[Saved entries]
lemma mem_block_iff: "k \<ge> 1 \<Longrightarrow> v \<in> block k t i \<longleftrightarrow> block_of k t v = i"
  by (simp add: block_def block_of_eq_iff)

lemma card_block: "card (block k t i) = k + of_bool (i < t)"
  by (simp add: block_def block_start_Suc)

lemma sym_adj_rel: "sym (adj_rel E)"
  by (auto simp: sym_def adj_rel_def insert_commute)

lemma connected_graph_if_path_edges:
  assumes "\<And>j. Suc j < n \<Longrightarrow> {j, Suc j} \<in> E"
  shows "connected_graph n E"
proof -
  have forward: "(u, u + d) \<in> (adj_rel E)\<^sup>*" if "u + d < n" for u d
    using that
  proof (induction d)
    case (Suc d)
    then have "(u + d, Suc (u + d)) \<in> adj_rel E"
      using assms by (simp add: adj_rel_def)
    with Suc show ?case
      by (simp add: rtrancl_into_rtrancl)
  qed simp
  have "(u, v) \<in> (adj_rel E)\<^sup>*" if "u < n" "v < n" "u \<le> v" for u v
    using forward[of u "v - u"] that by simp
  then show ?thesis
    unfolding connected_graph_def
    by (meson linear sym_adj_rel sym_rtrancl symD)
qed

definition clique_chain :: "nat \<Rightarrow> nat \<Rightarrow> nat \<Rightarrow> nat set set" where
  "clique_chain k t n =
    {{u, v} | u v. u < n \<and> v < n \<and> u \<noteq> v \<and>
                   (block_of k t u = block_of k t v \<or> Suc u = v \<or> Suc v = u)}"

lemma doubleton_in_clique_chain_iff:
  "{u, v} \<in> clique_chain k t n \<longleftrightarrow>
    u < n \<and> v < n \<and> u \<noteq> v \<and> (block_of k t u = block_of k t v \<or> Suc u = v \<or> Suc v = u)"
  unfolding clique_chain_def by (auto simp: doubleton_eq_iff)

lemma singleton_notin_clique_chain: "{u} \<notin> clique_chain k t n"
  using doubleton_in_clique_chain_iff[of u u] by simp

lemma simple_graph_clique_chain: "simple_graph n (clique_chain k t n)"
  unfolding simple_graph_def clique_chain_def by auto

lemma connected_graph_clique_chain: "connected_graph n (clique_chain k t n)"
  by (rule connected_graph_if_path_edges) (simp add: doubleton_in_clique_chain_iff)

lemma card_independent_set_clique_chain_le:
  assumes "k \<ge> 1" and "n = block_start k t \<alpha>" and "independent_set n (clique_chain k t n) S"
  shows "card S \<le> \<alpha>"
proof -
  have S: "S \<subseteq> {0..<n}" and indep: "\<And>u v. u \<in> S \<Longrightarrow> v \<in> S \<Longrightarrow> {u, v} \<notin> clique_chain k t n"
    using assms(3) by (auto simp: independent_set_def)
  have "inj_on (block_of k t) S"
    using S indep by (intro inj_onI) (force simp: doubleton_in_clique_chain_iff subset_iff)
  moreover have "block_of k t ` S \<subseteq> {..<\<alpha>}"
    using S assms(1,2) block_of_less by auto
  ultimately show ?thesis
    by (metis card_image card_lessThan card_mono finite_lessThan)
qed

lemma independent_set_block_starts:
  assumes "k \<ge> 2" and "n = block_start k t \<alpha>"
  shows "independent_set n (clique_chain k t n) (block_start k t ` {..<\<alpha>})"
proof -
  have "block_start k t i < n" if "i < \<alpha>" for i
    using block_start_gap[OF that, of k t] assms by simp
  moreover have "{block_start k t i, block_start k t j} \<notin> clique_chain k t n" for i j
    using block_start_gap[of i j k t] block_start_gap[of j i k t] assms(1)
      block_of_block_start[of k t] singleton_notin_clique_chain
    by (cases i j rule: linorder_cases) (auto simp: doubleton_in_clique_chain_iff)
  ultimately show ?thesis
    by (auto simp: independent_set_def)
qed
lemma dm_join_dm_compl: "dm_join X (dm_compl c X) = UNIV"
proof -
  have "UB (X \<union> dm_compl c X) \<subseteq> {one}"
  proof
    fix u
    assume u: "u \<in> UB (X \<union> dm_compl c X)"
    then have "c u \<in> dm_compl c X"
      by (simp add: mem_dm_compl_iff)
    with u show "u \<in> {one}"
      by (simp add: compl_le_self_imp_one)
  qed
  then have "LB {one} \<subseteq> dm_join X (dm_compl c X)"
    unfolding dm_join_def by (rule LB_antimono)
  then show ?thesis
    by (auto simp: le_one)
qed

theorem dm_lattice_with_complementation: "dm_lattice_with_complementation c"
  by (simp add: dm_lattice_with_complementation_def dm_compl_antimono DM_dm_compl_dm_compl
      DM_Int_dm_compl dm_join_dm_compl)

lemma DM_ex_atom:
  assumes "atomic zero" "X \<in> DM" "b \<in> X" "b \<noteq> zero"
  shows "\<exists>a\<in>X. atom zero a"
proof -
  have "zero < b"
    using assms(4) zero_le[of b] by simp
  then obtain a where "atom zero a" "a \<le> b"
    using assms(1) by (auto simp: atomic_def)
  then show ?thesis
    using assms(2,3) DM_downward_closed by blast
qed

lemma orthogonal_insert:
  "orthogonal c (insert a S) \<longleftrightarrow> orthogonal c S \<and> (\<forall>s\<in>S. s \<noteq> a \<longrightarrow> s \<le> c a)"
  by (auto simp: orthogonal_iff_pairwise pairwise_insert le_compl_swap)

◆ Aim of the task: An exact transcription of all the records is needed.

◆ Response below:
lemma mem_block_iff: "k \<ge> 1 \<Longrightarrow> v \<in> block k t i \<longleftrightarrow> block_of k t v = i"
  by (simp add: block_def block_of_eq_iff)

lemma card_block: "card (block k t i) = k + of_bool (i < t)"
  by (simp add: block_def block_start_Suc)

lemma sym_adj_rel: "sym (adj_rel E)"
  by (auto simp: sym_def adj_rel_def insert_commute)

lemma connected_graph_if_path_edges:
  assumes "\<And>j. Suc j < n \<Longrightarrow> {j, Suc j} \<in> E"
  shows "connected_graph n E"
proof -
  have forward: "(u, u + d) \<in> (adj_rel E)\<^sup>*" if "u + d < n" for u d
    using that
  proof (induction d)
    case (Suc d)
    then have "(u + d, Suc (u + d)) \<in> adj_rel E"
      using assms by (simp add: adj_rel_def)
    with Suc show ?case
      by (simp add: rtrancl_into_rtrancl)
  qed simp
  have "(u, v) \<in> (adj_rel E)\<^sup>*" if "u < n" "v < n" "u \<le> v" for u v
    using forward[of u "v - u"] that by simp
  then show ?thesis
    unfolding connected_graph_def
    by (meson linear sym_adj_rel sym_rtrancl symD)
qed

definition clique_chain :: "nat \<Rightarrow> nat \<Rightarrow> nat \<Rightarrow> nat set set" where
  "clique_chain k t n =
    {{u, v} | u v. u < n \<and> v < n \<and> u \<noteq> v \<and>
                   (block_of k t u = block_of k t v \<or> Suc u = v \<or> Suc v = u)}"

lemma doubleton_in_clique_chain_iff:
  "{u, v} \<in> clique_chain k t n \<longleftrightarrow>
    u < n \<and> v < n \<and> u \<noteq> v \<and> (block_of k t u = block_of k t v \<or> Suc u = v \<or> Suc v = u)"
  unfolding clique_chain_def by (auto simp: doubleton_eq_iff)

lemma singleton_notin_clique_chain: "{u} \<notin> clique_chain k t n"
  using doubleton_in_clique_chain_iff[of u u] by simp

lemma simple_graph_clique_chain: "simple_graph n (clique_chain k t n)"
  unfolding simple_graph_def clique_chain_def by auto

lemma connected_graph_clique_chain: "connected_graph n (clique_chain k t n)"
  by (rule connected_graph_if_path_edges) (simp add: doubleton_in_clique_chain_iff)

lemma card_independent_set_clique_chain_le:
  assumes "k \<ge> 1" and "n = block_start k t \<alpha>" and "independent_set n (clique_chain k t n) S"
  shows "card S \<le> \<alpha>"
proof -
  have S: "S \<subseteq> {0..<n}" and indep: "\<And>u v. u \<in> S \<Longrightarrow> v \<in> S \<Longrightarrow> {u, v} \<notin> clique_chain k t n"
    using assms(3) by (auto simp: independent_set_def)
  have "inj_on (block_of k t) S"
    using S indep by (intro inj_onI) (force simp: doubleton_in_clique_chain_iff subset_iff)
  moreover have "block_of k t ` S \<subseteq> {..<\<alpha>}"
    using S assms(1,2) block_of_less by auto
  ultimately show ?thesis
    by (metis card_image card_lessThan card_mono finite_lessThan)
qed

lemma independent_set_block_starts:
  assumes "k \<ge> 2" and "n = block_start k t \<alpha>"
  shows "independent_set n (clique_chain k t n) (block_start k t ` {..<\<alpha>})"
proof -
  have "block_start k t i < n" if "i < \<alpha>" for i
    using block_start_gap[OF that, of k t] assms by simp
  moreover have "{block_start k t i, block_start k t j} \<notin> clique_chain k t n" for i j
    using block_start_gap[of i j k t] block_start_gap[of j i k t] assms(1)
      block_of_block_start[of k t] singleton_notin_clique_chain
    by (cases i j rule: linorder_cases) (auto simp: doubleton_in_clique_chain_iff)
  ultimately show ?thesis
    by (auto simp: independent_set_def)
qed
lemma dm_join_dm_compl: "dm_join X (dm_compl c X) = UNIV"
proof -
  have "UB (X \<union> dm_compl c X) \<subseteq> {one}"
  proof
    fix u
    assume u: "u \<in> UB (X \<union> dm_compl c X)"
    then have "c u \<in> dm_compl c X"
      by (simp add: mem_dm_compl_iff)
    with u show "u \<in> {one}"
      by (simp add: compl_le_self_imp_one)
  qed
  then have "LB {one} \<subseteq> dm_join X (dm_compl c X)"
    unfolding dm_join_def by (rule LB_antimono)
  then show ?thesis
    by (auto simp: le_one)
qed

theorem dm_lattice_with_complementation: "dm_lattice_with_complementation c"
  by (simp add: dm_lattice_with_complementation_def dm_compl_antimono DM_dm_compl_dm_compl
      DM_Int_dm_compl dm_join_dm_compl)

lemma DM_ex_atom:
  assumes "atomic zero" "X \<in> DM" "b \<in> X" "b \<noteq> zero"
  shows "\<exists>a\<in>X. atom zero a"
proof -
  have "zero < b"
    using assms(4) zero_le[of b] by simp
  then obtain a where "atom zero a" "a \<le> b"
    using assms(1) by (auto simp: atomic_def)
  then show ?thesis
    using assms(2,3) DM_downward_closed by blast
qed

lemma orthogonal_insert:
  "orthogonal c (insert a S) \<longleftrightarrow> orthogonal c S \<and> (\<forall>s\<in>S. s \<noteq> a \<longrightarrow> s \<le> c a)"
  by (auto simp: orthogonal_iff_pairwise pairwise_insert le_compl_swap)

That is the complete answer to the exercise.